In this new effort, the researchers report on the finding of two stalagmites in a Chinese cave that offer an accurate measure of such ratios going back approximately 54,000 years. The half-life of carbon-14 is 5,370 years. Read more at: phys.org...
originally posted by: Phage
a reply to: edmc^2
As I said, C14 dating makes a good strawman argument for those of limited knowledge (or with an agenda) when it comes to geologic timescales.
Which is the topic. No?
On the flip side, the other use radiometric dating to prove "fossils" being in the millions instead of thousands of years.
originally posted by: edmc^2
originally posted by: Phage
a reply to: edmc^2
C14 has little to do with the age of the Earth, but it does make a nice strawman for those who don't care about facts.
However, big news on the C14 calibration front.
phys.org...
In this new effort, the researchers report on the finding of two stalagmites in a Chinese cave that offer an accurate measure of such ratios going back approximately 54,000 years.
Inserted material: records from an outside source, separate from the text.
text \<open>The reduced state of a product \<open>a \<otimes> b\<close> across \<open>C | C'\<close> on S is the product of the
  reduced states of a on \<open>S \<inter> C\<close> and of b on \<open>S \<inter> C'\<close>, so the purity factorizes.
  A factor is 1 when its cut is trivial and at most 1 always.  For a nontrivial cut \<open>T | U\<close>
  of a state f, let M be the \<open>T \<times> U\<close> matrix of amplitudes, so that \<open>\<rho>\<^sub>T = M M\<^sup>*\<close>.  Then
  \<open>Tr(\<rho>\<^sub>T\<^sup>2) = \<parallel>M M\<^sup>*\<parallel>\<^sub>F\<^sup>2 \<le> \<parallel>M\<parallel>\<^sup>2 \<parallel>M\<^sup>*\<parallel>\<^sub>F\<^sup>2 = \<parallel>M\<parallel>\<^sup>2\<close>, and \<open>\<parallel>M\<parallel>\<^sup>2\<close> is the largest overlap
  \<open>|\<langle>f, u \<otimes> v\<rangle>|\<^sup>2\<close> of f with a product state across the cut, which is at most \<open>1 - \<epsilon>\<^sup>2\<close>
  when f is \<open>\<epsilon>\<close>-far from product states.\<close>

lemma sum_Pow_Un:
  assumes "finite D" "finite E" "D \<inter> E = {}"
  shows "(\<Sum>x\<in>Pow (D \<union> E). h x) = (\<Sum>x\<in>Pow D. \<Sum>y\<in>Pow E. h (x \<union> y))"
proof -
  have "bij_betw (\<lambda>(x, y). x \<union> y) (Pow D \<times> Pow E) (Pow (D \<union> E))"
    by (rule bij_betwI[where g = "\<lambda>X. (X \<inter> D, X \<inter> E)"]) (use assms(3) in auto)
  then have "(\<Sum>x\<in>Pow (D \<union> E). h x) = (\<Sum>(x, y)\<in>Pow D \<times> Pow E. h (x \<union> y))"
    by (simp add: sum.reindex_bij_betw[symmetric] case_prod_unfold)
  then show ?thesis
    by (simp add: sum.cartesian_product)
qed

lemma is_state_finite: "is_state Q f \<Longrightarrow> finite Q"
  unfolding is_state_def by simp

lemma tensor_Un:
  assumes "x \<subseteq> D" "y \<subseteq> E" "D \<inter> E = {}"
  shows "tensor D f E g (x \<union> y) = f x * g y"
proof -
  have "(x \<union> y) \<inter> D = x" "(x \<union> y) \<inter> E = y"
    using assms by blast+
  then show ?thesis
    using assms unfolding tensor_def by auto
qed

lemma is_state_tensor:
  assumes "is_state D f" "is_state E g" "D \<inter> E = {}"
  shows "is_state (D \<union> E) (tensor D f E g)"
proof -
  have fin: "finite D" "finite E"
    using assms(1,2) is_state_finite by blast+
  have "(\<Sum>x\<in>Pow (D \<union> E). (cmod (tensor D f E g x))\<^sup>2)
      = (\<Sum>x\<in>Pow D. \<Sum>y\<in>Pow E. (cmod (f x))\<^sup>2 * (cmod (g y))\<^sup>2)"
    using assms(3) by (simp add: sum_Pow_Un fin tensor_Un norm_mult power_mult_distrib)
  also have "\<dots> = (\<Sum>x\<in>Pow D. (cmod (f x))\<^sup>2) * (\<Sum>y\<in>Pow E. (cmod (g y))\<^sup>2)"
    by (simp add: sum_product)
  also have "\<dots> = 1"
    using assms unfolding is_state_def by simp
  finally show ?thesis
    using fin unfolding is_state_def tensor_def by auto
qed

lemma is_state_tensor_complement:
  assumes "is_state T u" "is_state (Q - T) v" "T \<subseteq> Q"
  shows "is_state Q (tensor T u (Q - T) v)"
  using is_state_tensor[OF assms(1,2)] assms(3) by (simp add: Un_absorb1)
The half-life of carbon-14 is 5,370 years. Read more at: phys.org...
54,000 years - is within what I said (i.e. 6000 to 50,000).
But still, the point is, since this methodology is the wrong tool for dating "fossilized" materials (as it disproves the claim of fossils being millions of years old) so they (evolution-archeologist) went to radiometric dating.
originally posted by: edmc^2
Example - the decay of Uranium isotopes.
scienceline.ucsb.edu...
originally posted by: Phantom423
a reply to: cooperton
You and the idiots
So now it's your turn - present your mathematical proof that the original isotopic ratio is required to determine the age of a U238/Pb206 sample.
Notice in this graph they are assuming the initial ratio was 100%-0% Uranium-Lead. Let me ask you... when in the history of ever has there been found a 100% pure sample of any substance in nature? There hasn't. This never happens. There is never a 100% sample. Yet these tests assume the initial ratio to be 100%-0%. Your religion is based on assumptions that have no basis in empirical science
Lol, chill. I know you think you're super smart and all dissenting opinions are really dumb, no need to reiterate that.
originally posted by: Phantom423
a reply to: cooperton
You are absolutely 100% wrong that you need the original ratio to calculate the age.